Data in this exercise:
lemma fire_blocks_reachable:
  assumes k: "k > 0" and v: "is_vertex k v" and s: "s > 0"
    and at_v: "C v = (\<lambda>y. c + s * y) ` {..<k ^ Suc m}"
    and below_v: "\<And>u. u \<noteq> [] \<Longrightarrow> C (v @ u) = {}"
  shows "(fire k)\<^sup>*\<^sup>* C (fire_blocks k m v c s C (k ^ m))"
proof -
  have "fire_blocks k m v c s C 0 = C"
    using at_v below_v by (auto simp: fire_blocks_def lessThan_atLeast0 fun_eq_iff)
  then show ?thesis
    using rtranclp_chain[of "k ^ m" "fire k" "fire_blocks k m v c s C"] fire_blocks_step[OF k v s]
    by simp
qed

lemma reversal_upto_child_0:
  assumes below_v: "\<And>u. u \<noteq> [] \<Longrightarrow> C (v @ u) = {}"
  shows "reversal_upto_child k m v c s C 0 = fire_blocks k m v c s C (k ^ m)"
proof
  fix w
  show "reversal_upto_child k m v c s C 0 w = fire_blocks k m v c s C (k ^ m) w"
  proof (cases w v rule: prefix_cases)
    case (1 u)
    show ?thesis
    proof (cases u)
      case (Cons a u')
      then show ?thesis
        using 1 below_v[of u]
        by (cases "a < k \<and> u' = []")
           (auto simp: reversal_upto_child_def fire_blocks_def algebra_simps)
    qed (simp add: 1 reversal_upto_child_def fire_blocks_def)
  next
    case 2
    then have "w \<noteq> v" "\<forall>i. w \<noteq> v @ [i]" by auto
    with 2 show ?thesis by (simp add: reversal_upto_child_def fire_blocks_def)
  qed
qed

lemma reversal_config_child:
  "reversal_config k m (v @ [i]) (c + s * i) (s * k) (reversal_upto_child k m v c s C i)
     = reversal_upto_child k m v c s C (Suc i)"
proof
  fix w
  show "reversal_config k m (v @ [i]) (c + s * i) (s * k) (reversal_upto_child k m v c s C i) w
      = reversal_upto_child k m v c s C (Suc i) w"
  proof (cases w "v @ [i]" rule: prefix_cases)
    case 1
    then show ?thesis
      by (auto simp: reversal_config_def reversal_upto_child_def algebra_simps)
  next
    case not_child: 2
    show ?thesis
    proof (cases w v rule: prefix_cases)
      case (1 u)
      with not_child show ?thesis
        by (cases u) (auto simp: reversal_config_def reversal_upto_child_def)
    next
      case 2
      with not_child show ?thesis
        by (simp add: reversal_config_def reversal_upto_child_def)
    qed
  qed
qed

lemma reversal_upto_all_children:
  "reversal_upto_child k m v c s C k = reversal_config k (Suc m) v c s C"
proof
  fix w
  show "reversal_upto_child k m v c s C k w = reversal_config k (Suc m) v c s C w"
  proof (cases w v rule: prefix_cases)
    case (1 u)
    then show ?thesis
      by (cases u)
         (auto simp: reversal_config_def reversal_upto_child_def is_vertex_def of_digits_snoc
           algebra_simps)
  next
    case 2
    then show ?thesis by (simp add: reversal_config_def reversal_upto_child_def)
  qed
qed

lemma reversal_config_reachable:
  assumes "k > 0" and "is_vertex k v" and "s > 0"
    and "C v = (\<lambda>y. c + s * y) ` {..<k ^ m}"
    and "\<And>u. u \<noteq> [] \<Longrightarrow> C (v @ u) = {}"
  shows "(fire k)\<^sup>*\<^sup>* C (reversal_config k m v c s C)"
  using assms
proof (induction m arbitrary: v c s C)
  case 0
  have "reversal_config k 0 v c s C = C"
  proof
    fix w
    show "reversal_config k 0 v c s C w = C w"
    proof (cases w v rule: prefix_cases)
      case (1 u)
      then show ?thesis
        using 0 by (cases u) (auto simp: reversal_config_def is_vertex_def)
    next
      case 2
      then show ?thesis by (simp add: reversal_config_def)
    qed
  qed
  then show ?case by simp
next
  case (Suc m)
  note k = \<open>k > 0\<close> and v = \<open>is_vertex k v\<close> and s = \<open>s > 0\<close>
  let ?R = "reversal_upto_child k m v c s C"
  have "(fire k)\<^sup>*\<^sup>* (?R i) (?R (Suc i))" if i: "i < k" for i
  proof -
    have "is_vertex k (v @ [i])"
      using v i by (auto simp: is_vertex_def)
    moreover have "?R i (v @ [i]) = (\<lambda>y. c + s * i + s * k * y) ` {..<k ^ m}"
      using i by (simp add: reversal_upto_child_def)
    moreover have "?R i ((v @ [i]) @ u) = {}" if "u \<noteq> []" for u
      using that by (simp add: reversal_upto_child_def)
    ultimately have "(fire k)\<^sup>*\<^sup>* (?R i) (reversal_config k m (v @ [i]) (c + s * i) (s * k) (?R i))"
      using Suc.IH[of "v @ [i]" "s * k" "?R i" "c + s * i"] k s by simp
    then show ?thesis
      by (simp add: reversal_config_child)
  qed
  then have "(fire k)\<^sup>*\<^sup>* (?R 0) (?R k)"
    using rtranclp_chain[of k "(fire k)\<^sup>*\<^sup>*" ?R] by (simp add: rtranclp_idemp)
  then show ?case
    using fire_blocks_reachable[OF k v s Suc.prems(4,5)] reversal_upto_child_0[of C v k m c s, OF Suc.prems(5)]
      reversal_upto_all_children[of k m v c s C]
    by (metis rtranclp_trans)
qed

subsection \<open>Sets of words on which digit reversal reverses the order\<close>

lemma lex_mult_add_less_iff:
  fixes r r' K :: nat
  assumes "r < K" and "r' < K"
  shows "a * K + r < a' * K + r' \<longleftrightarrow> a < a' \<or> a = a' \<and> r < r'"
proof (cases a a' rule: linorder_cases)
  case less
  then have "(a + 1) * K \<le> a' * K" by (intro mult_le_mono1) simp
  with assms show ?thesis using less by simp
next
  case greater
  then have "(a' + 1) * K \<le> a * K" by (intro mult_le_mono1) simp
  with assms show ?thesis using greater by simp
qed simp

lemma mult_add_less_power:
  fixes x b k :: nat
  assumes "x < k ^ l" and "b < k"
  shows "k * x + b < k ^ Suc l"
proof -
  have "k * x + b < k * (x + 1)" using assms(2) by simp
  also have "\<dots> \<le> k * k ^ l" using assms(1) by (intro mult_le_mono2) simp
  finally show ?thesis by simp
qed

lemma of_digits_wrap:
  "of_digits k (a # w @ [b]) = a * k ^ Suc (length w) + (k * of_digits k w + b)"
  by (simp add: of_digits_snoc)

lemma of_digits_wrap_less_iff:
  assumes "length x = l" "length y = l" "is_vertex k x" "is_vertex k y" "b < k" "b' < k"
  shows "of_digits k (a # x @ [b]) < of_digits k (a' # y @ [b'])
    \<longleftrightarrow> a < a' \<or> a = a' \<and> (of_digits k x < of_digits k y \<or> of_digits k x = of_digits k y \<and> b < b')"
proof -
  have x_low: "k * of_digits k x + b < k ^ Suc l" and y_low: "k * of_digits k y + b' < k ^ Suc l"
    using assms of_digits_less mult_add_less_power by metis+
  have "k * of_digits k x + b < k * of_digits k y + b'
      \<longleftrightarrow> of_digits k x < of_digits k y \<or> of_digits k x = of_digits k y \<and> b < b'"
    using lex_mult_add_less_iff[of b k b' "of_digits k x" "of_digits k y"] assms(5,6)
    by (simp add: mult.commute)
  then show ?thesis
    unfolding of_digits_wrap using lex_mult_add_less_iff[OF x_low y_low, of a a'] assms(1,2) by simp
qed

text \<open>
  The two kinds of words \<open>a x b\<close> of \<open>wrap_words\<close> below, seen through the numeric values
  \<open>X\<close>, \<open>RX\<close> of \<open>x\<close> and \<open>rev x\<close>, with \<open>tx\<close> standing for \<open>x \<in> T\<close>: the order of \<open>a x b\<close> is the lexicographic order of
  \<open>(a, X, b)\<close>, that of its reversal the lexicographic order of \<open>(b, RX, a)\<close>.
\<close>

lemma lex_order_reversed:
  fixes a b a' b' X Y RX RY k :: nat
  assumes less: "a < a' \<or> a = a' \<and> (X < Y \<or> X = Y \<and> b < b')"
    and x: "(tx \<and> a + b = k - 1 \<and> 0 < X \<and> 0 < RX) \<or> (X = 0 \<and> RX = 0 \<and> a + b = k)"
    and y: "(ty \<and> a' + b' = k - 1 \<and> 0 < Y \<and> 0 < RY) \<or> (Y = 0 \<and> RY = 0 \<and> a' + b' = k)"
    and reversed: "X < Y \<Longrightarrow> tx \<Longrightarrow> ty \<Longrightarrow> RY < RX"
    and "k \<ge> 2"
  shows "b' < b \<or> b' = b \<and> (RY < RX \<or> RY = RX \<and> a' < a)"
  using x y
proof (elim disjE conjE)
  assume "tx" "a + b = k - 1" "ty" "a' + b' = k - 1"
  then show ?thesis using less reversed by auto
qed (use less \<open>k \<ge> 2\<close> in auto)

text \<open>
  The positivity of the values of \<open>w\<close> and \<open>rev w\<close> puts the words of a reversal chain
  strictly above the all-zero word, which \<open>wrap_words\<close> needs.
\<close>

definition reversal_chain :: "nat \<Rightarrow> nat \<Rightarrow> nat list set \<Rightarrow> bool" where
  "reversal_chain k l T \<longleftrightarrow> finite T \<and>
     (\<forall>w\<in>T. length w = l \<and> is_vertex k w \<and> 0 < of_digits k w \<and> 0 < of_digits k (rev w)) \<and>
     (\<forall>u\<in>T. \<forall>w\<in>T. of_digits k u < of_digits k w \<longrightarrow> of_digits k (rev w) < of_digits k (rev u))"

definition wrap_words :: "nat \<Rightarrow> nat \<Rightarrow> nat list set \<Rightarrow> nat list set" where
  "wrap_words k l T = (\<lambda>(a, w). a # w @ [k - 1 - a]) ` ({..<k} \<times> T)
     \<union> (\<lambda>a. Suc a # replicate l 0 @ [k - 1 - a]) ` {..<k - 1}"

lemma wrap_words_cases:
  assumes "u \<in> wrap_words k l T" and "reversal_chain k l T" and "k \<ge> 2"
  obtains a x b where "u = a # x @ [b]" "a < k" "b < k" "length x = l" "is_vertex k x"
    "(x \<in> T \<and> a + b = k - 1 \<and> 0 < of_digits k x \<and> 0 < of_digits k (rev x))
       \<or> (of_digits k x = 0 \<and> of_digits k (rev x) = 0 \<and> a + b = k)"
  using assms
  by (auto simp: wrap_words_def reversal_chain_def of_digits_replicate_0 is_vertex_def
      simp flip: replicate_append_same)

lemma reversal_chain_wrap_words:
  assumes k: "k \<ge> 2" and T: "reversal_chain k l T"
  shows "reversal_chain k (Suc (Suc l)) (wrap_words k l T)"
proof -
  have T_reversed: "of_digits k (rev y) < of_digits k (rev x)"
    if "of_digits k x < of_digits k y" "x \<in> T" "y \<in> T" for x y
    using T that by (auto simp: reversal_chain_def)
  have "0 < of_digits k u \<and> 0 < of_digits k (rev u)"
    and "length u = Suc (Suc l) \<and> is_vertex k u" if u_in: "u \<in> wrap_words k l T" for u
  proof -
    obtain a x b where u: "u = a # x @ [b]" "length x = l" "is_vertex k x" "a < k" "b < k"
      and "(x \<in> T \<and> a + b = k - 1 \<and> 0 < of_digits k x \<and> 0 < of_digits k (rev x))
       \<or> (of_digits k x = 0 \<and> of_digits k (rev x) = 0 \<and> a + b = k)"
      using wrap_words_cases[OF u_in T k] by metis
    then have "0 < a * k ^ Suc l + (k * of_digits k x + b)"
      and "0 < b * k ^ Suc l + (k * of_digits k (rev x) + a)"
      using k by auto
    moreover have "of_digits k u = a * k ^ Suc l + (k * of_digits k x + b)"
      and "of_digits k (rev u) = b * k ^ Suc l + (k * of_digits k (rev x) + a)"
      using u by (simp_all add: of_digits_snoc)
    ultimately show "0 < of_digits k u \<and> 0 < of_digits k (rev u)"
      by simp
    show "length u = Suc (Suc l) \<and> is_vertex k u"
      using u by (simp add: is_vertex_def)
  qed
  moreover have "of_digits k (rev w) < of_digits k (rev u)"
    if u_in: "u \<in> wrap_words k l T" and w_in: "w \<in> wrap_words k l T"
      and less: "of_digits k u < of_digits k w" for u w
  proof -
    obtain a x b where u: "u = a # x @ [b]" "length x = l" "is_vertex k x" "a < k" "b < k"
      and x: "(x \<in> T \<and> a + b = k - 1 \<and> 0 < of_digits k x \<and> 0 < of_digits k (rev x))
       \<or> (of_digits k x = 0 \<and> of_digits k (rev x) = 0 \<and> a + b = k)"
      using wrap_words_cases[OF u_in T k] by metis
    obtain a' y b' where w: "w = a' # y @ [b']" "length y = l" "is_vertex k y" "a' < k" "b' < k"
      and y: "(y \<in> T \<and> a' + b' = k - 1 \<and> 0 < of_digits k y \<and> 0 < of_digits k (rev y))
       \<or> (of_digits k y = 0 \<and> of_digits k (rev y) = 0 \<and> a' + b' = k)"
      using wrap_words_cases[OF w_in T k] by metis
    have "rev u = b # rev x @ [a]" "rev w = b' # rev y @ [a']"
      using u w by simp_all
    then show ?thesis
      using lex_order_reversed[OF _ x y T_reversed k] less u w
        of_digits_wrap_less_iff[of x l y k b b' a a']
        of_digits_wrap_less_iff[of "rev y" l "rev x" k a' a b' b]
      by (simp add: is_vertex_def)
  qed
  moreover have "finite (wrap_words k l T)"
    using T by (simp add: wrap_words_def reversal_chain_def)
  ultimately show ?thesis
    by (auto simp: reversal_chain_def)
qed

lemma card_wrap_words:
  assumes "finite T"
  shows "card (wrap_words k l T) = k * card T + (k - 1)"
proof -
  have "card ((\<lambda>(a, w). a # w @ [k - 1 - a]) ` ({..<k} \<times> T)) = k * card T"
    by (subst card_image) (auto simp: inj_on_def card_cartesian_product)
  moreover have "card ((\<lambda>a. Suc a # replicate l 0 @ [k - 1 - a]) ` {..<k - 1}) = k - 1"
    by (subst card_image) (auto simp: inj_on_def)
  ultimately show ?thesis
    unfolding wrap_words_def using assms by (subst card_Un_disjoint) auto
qed

fun chain_words :: "nat \<Rightarrow> nat \<Rightarrow> nat list set" where
  "chain_words k 0 = {}"
| "chain_words k (Suc 0) = {[k - 1]}"
| "chain_words k (Suc (Suc 0)) = (\<lambda>a. [a, k - 1 - a]) ` {..<k}"
| "chain_words k (Suc (Suc (Suc n))) = wrap_words k (Suc n) (chain_words k (Suc n))"

lemma reversal_chain_pairs:
  assumes "k \<ge> 2"
  shows "reversal_chain k 2 ((\<lambda>a. [a, k - 1 - a]) ` {..<k})"
proof -
  have "0 < a * k + (k - 1 - a) \<and> 0 < (k - 1 - a) * k + a" if "a < k" for a
  proof (cases "a = 0")
    case False
    with assms have "0 < a * k" by simp
    with False show ?thesis by simp
  qed (use assms in simp)
  moreover have "(k - 1 - a') * k + a' < (k - 1 - a) * k + a"
    if "a < k" "a' < k" "a * k + (k - 1 - a) < a' * k + (k - 1 - a')" for a a'
    using that lex_mult_add_less_iff[of "k - 1 - a" k "k - 1 - a'" a a']
      lex_mult_add_less_iff[of a' k a "k - 1 - a'" "k - 1 - a"]
    by auto
  ultimately show ?thesis
    by (auto simp: reversal_chain_def is_vertex_def)
qed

Problem statement: Reproduce each line of the material containing the word "which".

Task output:
subsection \<open>Sets of words on which digit reversal reverses the order\<close>
  strictly above the all-zero word, which \<open>wrap_words\<close> needs.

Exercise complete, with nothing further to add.